--- What is needed ---
Below are some records; quote exactly the lines from the one that contains "m S \<Longrightarrow> A" through the one that contains "A = 1\<^sub>m m", inclusive, and no others.

--- Material for this task ---
>>>
(* Let $R$ be a commutative ring, $n\ge 1$, and suppose $\varphi=(1\perp\varepsilon)^t\,\psi_n\,(1\perp\varepsilon)$ for some $\varepsilon\in{\rm E}_{2n-1}(R)$. Then ${\rm E}_\varphi(R)={\rm E}_{2n-1}(R)$.
   Context: All rings are commutative with identity. ${\rm E}_m(R)$ is the subgroup of ${\rm SL}_m(R)$ generated by elementary matrices $I_m+\lambda e_{ij}$ ($i\neq j$, $\lambda\in R$). $\psi_n=\sum_{i=1}^n e_{2i-1,2i}-\sum_{i=1}^n e_{2i,2i-1}$ is the standard $2n\times2n$ symplectic matrix. $1\perp\varepsilon$ denotes $\begin{pmatrix}1&0\\0&\varepsilon\end{pmatrix}$. Elements of $R^m$ are row vectors, ${}^t$ is transpose. For an invertible alternating (i.e. of the form $\nu-\nu^t$) $2n\times2n$ matrix $\varphi$ write $\varphi=\begin{pmatrix}0&-c\\ c^t&\nu\end{pmatrix}$, $\varphi^{-1}=\begin{pmatrix}0&d\\ -d^t&\mu\end{pmatrix}$ with $c,d\in R^{2n-1}$, and set $\alpha_\varphi(v)=I_{2n-1}+d^tv\nu$, $\beta_\varphi(v)=I_{2n-1}+\mu v^tc$ for $v\in R^{2n-1}$. ${\rm E}_\varphi(R)$ is the subgroup of ${\rm GL}_{2n-1}(R)$ generated by all $\alpha_\varphi(v),\beta_\varphi(v)$. *)

theory Defs
  imports "Jordan_Normal_Form.Matrix"
begin

text \<open>Matrices are JNF matrices; indices are 0-based. Row vectors in R^k are elements
 of carrier_vec k; the outer product x^t y is the k x k matrix with entries x_i y_j.\<close>

definition elem_mat :: "nat \<Rightarrow> nat \<Rightarrow> nat \<Rightarrow> 'a::comm_ring_1 \<Rightarrow> 'a mat" where
  "elem_mat m i j l = mat m m (\<lambda>(r,c). (if r = c then 1 else 0) + (if r = i \<and> c = j then l else 0))"

inductive_set gen_subgroup :: "nat \<Rightarrow> 'a::comm_ring_1 mat set \<Rightarrow> 'a mat set"
  for m :: nat and S :: "'a mat set" where
  gen_one: "1\<^sub>m m \<in> gen_subgroup m S"
| gen_gen: "A \<in> S \<Longrightarrow> A \<in> gen_subgroup m S"
| gen_mult: "A \<in> gen_subgroup m S \<Longrightarrow> B \<in> gen_subgroup m S \<Longrightarrow> A * B \<in> gen_subgroup m S"
| gen_inv: "A \<in> gen_subgroup m S \<Longrightarrow> B \<in> carrier_mat m m \<Longrightarrow> A * B = 1\<^sub>m m \<Longrightarrow> B * A = 1\<^sub>m m
            \<Longrightarrow> B \<in> gen_subgroup m S"

definition E_group :: "nat \<Rightarrow> 'a::comm_ring_1 mat set" where
  "E_group m = gen_subgroup m {elem_mat m i j l | i j l. i < m \<and> j < m \<and> i \<noteq> j}"

definition psi :: "nat \<Rightarrow> 'a::comm_ring_1 mat" where
  "psi n = mat (2*n) (2*n) (\<lambda>(r,c). if even r \<and> c = r + 1 then 1
                                   else if odd r \<and> r = c + 1 then -1 else 0)"

definition one_perp :: "'a::comm_ring_1 mat \<Rightarrow> 'a mat" where
  "one_perp e = four_block_mat (1\<^sub>m 1) (0\<^sub>m 1 (dim_col e)) (0\<^sub>m (dim_row e) 1) e"

definition mat_inverse :: "'a::comm_ring_1 mat \<Rightarrow> 'a mat" where
  "mat_inverse A = (SOME B. B \<in> carrier_mat (dim_row A) (dim_row A) \<and>
                          A * B = 1\<^sub>m (dim_row A) \<and> B * A = 1\<^sub>m (dim_row A))"

definition outer :: "'a::comm_ring_1 vec \<Rightarrow> 'a vec \<Rightarrow> 'a mat" where
  "outer x y = mat (dim_vec x) (dim_vec y) (\<lambda>(i,j). x $ i * y $ j)"

text \<open>Blocks of phi = [[0,-c],[c^t,nu]] and phi^{-1} = [[0,d],[-d^t,mu]] (phi is 2n x 2n).\<close>
definition phi_c :: "'a::comm_ring_1 mat \<Rightarrow> 'a vec" where
  "phi_c phi = vec (dim_row phi - 1) (\<lambda>j. - phi $$ (0, j+1))"
definition phi_nu :: "'a::comm_ring_1 mat \<Rightarrow> 'a mat" where
  "phi_nu phi = mat (dim_row phi - 1) (dim_row phi - 1) (\<lambda>(i,j). phi $$ (i+1, j+1))"
definition phi_d :: "'a::comm_ring_1 mat \<Rightarrow> 'a vec" where
  "phi_d phi = vec (dim_row phi - 1) (\<lambda>j. mat_inverse phi $$ (0, j+1))"
definition phi_mu :: "'a::comm_ring_1 mat \<Rightarrow> 'a mat" where
  "phi_mu phi = mat (dim_row phi - 1) (dim_row phi - 1) (\<lambda>(i,j). mat_inverse phi $$ (i+1, j+1))"

definition alpha :: "'a::comm_ring_1 mat \<Rightarrow> 'a vec \<Rightarrow> 'a mat" where
  "alpha phi v = 1\<^sub>m (dim_row phi - 1) + outer (phi_d phi) v * phi_nu phi"
definition beta :: "'a::comm_ring_1 mat \<Rightarrow> 'a vec \<Rightarrow> 'a mat" where
  "beta phi v = 1\<^sub>m (dim_row phi - 1) + phi_mu phi * outer v (phi_c phi)"

definition E_phi :: "'a::comm_ring_1 mat \<Rightarrow> 'a mat set" where
  "E_phi phi = gen_subgroup (dim_row phi - 1)
     ({alpha phi v | v. v \<in> carrier_vec (dim_row phi - 1)} \<union>
      {beta phi v | v. v \<in> carrier_vec (dim_row phi - 1)})"

end

theory Submission
  imports Defs
begin

text \<open>Let \<open>e\<^sub>0\<close> be the first unit row and \<open>\<Psi>\<close> the matrix \<open>\<psi>\<^sub>n\<close> with its first row and
  column removed, so \<open>\<psi>\<^sub>n = [[0, e\<^sub>0], [-e\<^sub>0\<^sup>t, \<Psi>]]\<close>; comparing blocks in \<open>\<psi>\<^sub>n\<^sup>2 = -1\<close> gives
  \<open>e\<^sub>0\<Psi> = 0\<close>, \<open>\<Psi>e\<^sub>0\<^sup>t = 0\<close> and \<open>\<Psi>\<^sup>2 = e\<^sub>0\<^sup>te\<^sub>0 - 1\<close>. For \<open>\<phi> = (1\<perp>\<epsilon>)\<^sup>t\<psi>\<^sub>n(1\<perp>\<epsilon>)\<close> this yields
  \<open>c = -e\<^sub>0\<epsilon>\<close>, \<open>\<nu> = \<epsilon>\<^sup>t\<Psi>\<epsilon>\<close>, \<open>d = -e\<^sub>0\<epsilon>\<^sup>-\<^sup>t\<close>, \<open>\<mu> = -\<epsilon>\<^sup>-\<^sup>1\<Psi>\<epsilon>\<^sup>-\<^sup>t\<close>, hence
  \<open>\<alpha>\<^sub>\<phi>(v) = \<epsilon>\<^sup>-\<^sup>1(1 + e\<^sub>0\<^sup>tw)\<epsilon>\<close> with \<open>w = -v\<epsilon>\<^sup>t\<Psi>\<close> and \<open>\<beta>\<^sub>\<phi>(v) = \<epsilon>\<^sup>-\<^sup>1(1 + ue\<^sub>0)\<epsilon>\<close> with
  \<open>u = \<Psi>\<epsilon>\<^sup>-\<^sup>tv\<^sup>t\<close>. As \<open>we\<^sub>0\<^sup>t = 0\<close> and \<open>e\<^sub>0u = 0\<close>, these are conjugates of first-row and
  first-column transvections, which are products of elementary matrices. Conversely, since
  \<open>\<Psi>\<^sup>2 = e\<^sub>0\<^sup>te\<^sub>0 - 1\<close>, every elementary matrix in the first row or column is reached in this way,
  and these generate \<open>E\<^sub>2\<^sub>n\<^sub>-\<^sub>1\<close> by the commutator formula. So \<open>E\<^sub>\<phi> = \<epsilon>\<^sup>-\<^sup>1E\<^sub>2\<^sub>n\<^sub>-\<^sub>1\<epsilon>\<close>,
  which is \<open>E\<^sub>2\<^sub>n\<^sub>-\<^sub>1\<close> because \<open>\<epsilon>\<close> lies in it.\<close>

text \<open>The ring laws of matrices with their carrier hypotheses replaced by equations between
  dimensions, which the simplifier discharges by computing dimensions. Together they turn most
  matrix identities below into a single call of the simplifier.\<close>

lemma assoc_mult_mat_dim:
  "dim_col A = dim_row B \<Longrightarrow> dim_col B = dim_row C \<Longrightarrow> A * B * C = A * (B * (C :: 'a::semiring_0 mat))"
  by (rule assoc_mult_mat[OF carrier_matI carrier_matI carrier_matI]) auto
<<<
--- Your response ---
| gen_mult: "A \<in> gen_subgroup m S \<Longrightarrow> B \<in> gen_subgroup m S \<Longrightarrow> A * B \<in> gen_subgroup m S"
| gen_inv: "A \<in> gen_subgroup m S \<Longrightarrow> B \<in> carrier_mat m m \<Longrightarrow> A * B = 1\<^sub>m m \<Longrightarrow> B * A = 1\<^sub>m m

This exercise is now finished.